**ACTION ITEM**. All of the entries are to be printed exactly as they appear.

[Stored data]
(* Let $\Omega\subset\mathbb{R}^n$ be a bounded open convex set with smooth boundary, let $\Lambda>0$, and let $u$ be a nonconstant continuous viscosity solution of $(N_\Lambda)$. Then $u$ changes sign in $\Omega$, i.e. both sets $\{x\in\Omega:u(x)>0\}$ and $\{x\in\Omega:u(x)<0\}$ are nonempty.
   Context: $\nu$ denotes the outer unit normal to $\partial\Omega$, and $\Delta_\infty u=\sum_{i,j=1}^n u_{x_i}u_{x_ix_j}u_{x_j}$. For $\Lambda\ge 0$, problem $(N_\Lambda)$ is $$\min\{|\nabla u|-\Lambda|u|,-\Delta_\infty u\}=0 \text{ in }\{u>0\}\cap\Omega,\quad \max\{\Lambda|u|-|\nabla u|,-\Delta_\infty u\}=0 \text{ in }\{u<0\}\cap\Omega,\quad -\Delta_\infty u=0 \text{ in }\{u=0\}\cap\Omega,\quad \tfrac{\partial u}{\partial\nu}=0 \text{ on }\partial\Omega,$$ understood in the viscosity sense as follows. For $s\in\mathbb{R}$, $\xi\in\mathbb{R}^n$, $X$ a symmetric $n\times n$ matrix, let $F(s,\xi,X)=\min\{|\xi|-\Lambda|s|,-\langle X\xi,\xi\rangle\}$, $G(s,\xi,X)=\max\{\Lambda|s|-|\xi|,-\langle X\xi,\xi\rangle\}$, $H(X)=-\langle X\xi,\xi\rangle$ (evaluated at the same $\xi$). For a function $u$ and point $x_0$, let $E$ denote $F$ if $u(x_0)>0$, $G$ if $u(x_0)<0$, $H$ if $u(x_0)=0$. An upper semicontinuous $u$ on $\overline\Omega$ is a viscosity subsolution if: for every $x_0\in\Omega$ and $\phi\in C^2(\Omega)$ with $\phi(x_0)=u(x_0)$ and $u(x)<\phi(x)$ for $x\neq x_0$, one has $E(\phi(x_0),\nabla\phi(x_0),\nabla^2\phi(x_0))\le 0$; and for every $x_0\in\partial\Omega$ and $\phi\in C^2(\overline\Omega)$ with the same touching property, $\min\{E(\phi(x_0),\nabla\phi(x_0),\nabla^2\phi(x_0)),\frac{\partial\phi}{\partial\nu}(x_0)\}\le 0$. A lower semicontinuous $u$ is a viscosity supersolution if the same holds with $u(x)>\phi(x)$ for $x\ne x_0$, with "$E\le 0$" replaced by "$E\ge 0$" at interior points and with $\max\{E(\phi(x_0),\nabla\phi(x_0),\nabla^2\phi(x_0)),\frac{\partial\phi}{\partial\nu}(x_0)\}\ge 0$ at boundary points. A continuous $u$ is a viscosity solution if it is both a sub- and a supersolution. *)

theory Defs
  imports "HOL-Analysis.Analysis"
begin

**RESULT OF THE EXERCISE**.
(* Let $\Omega\subset\mathbb{R}^n$ be a bounded open convex set with smooth boundary, let $\Lambda>0$, and let $u$ be a nonconstant continuous viscosity solution of $(N_\Lambda)$. Then $u$ changes sign in $\Omega$, i.e. both sets $\{x\in\Omega:u(x)>0\}$ and $\{x\in\Omega:u(x)<0\}$ are nonempty.
   Context: $\nu$ denotes the outer unit normal to $\partial\Omega$, and $\Delta_\infty u=\sum_{i,j=1}^n u_{x_i}u_{x_ix_j}u_{x_j}$. For $\Lambda\ge 0$, problem $(N_\Lambda)$ is $$\min\{|\nabla u|-\Lambda|u|,-\Delta_\infty u\}=0 \text{ in }\{u>0\}\cap\Omega,\quad \max\{\Lambda|u|-|\nabla u|,-\Delta_\infty u\}=0 \text{ in }\{u<0\}\cap\Omega,\quad -\Delta_\infty u=0 \text{ in }\{u=0\}\cap\Omega,\quad \tfrac{\partial u}{\partial\nu}=0 \text{ on }\partial\Omega,$$ understood in the viscosity sense as follows. For $s\in\mathbb{R}$, $\xi\in\mathbb{R}^n$, $X$ a symmetric $n\times n$ matrix, let $F(s,\xi,X)=\min\{|\xi|-\Lambda|s|,-\langle X\xi,\xi\rangle\}$, $G(s,\xi,X)=\max\{\Lambda|s|-|\xi|,-\langle X\xi,\xi\rangle\}$, $H(X)=-\langle X\xi,\xi\rangle$ (evaluated at the same $\xi$). For a function $u$ and point $x_0$, let $E$ denote $F$ if $u(x_0)>0$, $G$ if $u(x_0)<0$, $H$ if $u(x_0)=0$. An upper semicontinuous $u$ on $\overline\Omega$ is a viscosity subsolution if: for every $x_0\in\Omega$ and $\phi\in C^2(\Omega)$ with $\phi(x_0)=u(x_0)$ and $u(x)<\phi(x)$ for $x\neq x_0$, one has $E(\phi(x_0),\nabla\phi(x_0),\nabla^2\phi(x_0))\le 0$; and for every $x_0\in\partial\Omega$ and $\phi\in C^2(\overline\Omega)$ with the same touching property, $\min\{E(\phi(x_0),\nabla\phi(x_0),\nabla^2\phi(x_0)),\frac{\partial\phi}{\partial\nu}(x_0)\}\le 0$. A lower semicontinuous $u$ is a viscosity supersolution if the same holds with $u(x)>\phi(x)$ for $x\ne x_0$, with "$E\le 0$" replaced by "$E\ge 0$" at interior points and with $\max\{E(\phi(x_0),\nabla\phi(x_0),\nabla^2\phi(x_0)),\frac{\partial\phi}{\partial\nu}(x_0)\}\ge 0$ at boundary points. A continuous $u$ is a viscosity solution if it is both a sub- and a supersolution. *)

theory Defs
  imports "HOL-Analysis.Analysis"
begin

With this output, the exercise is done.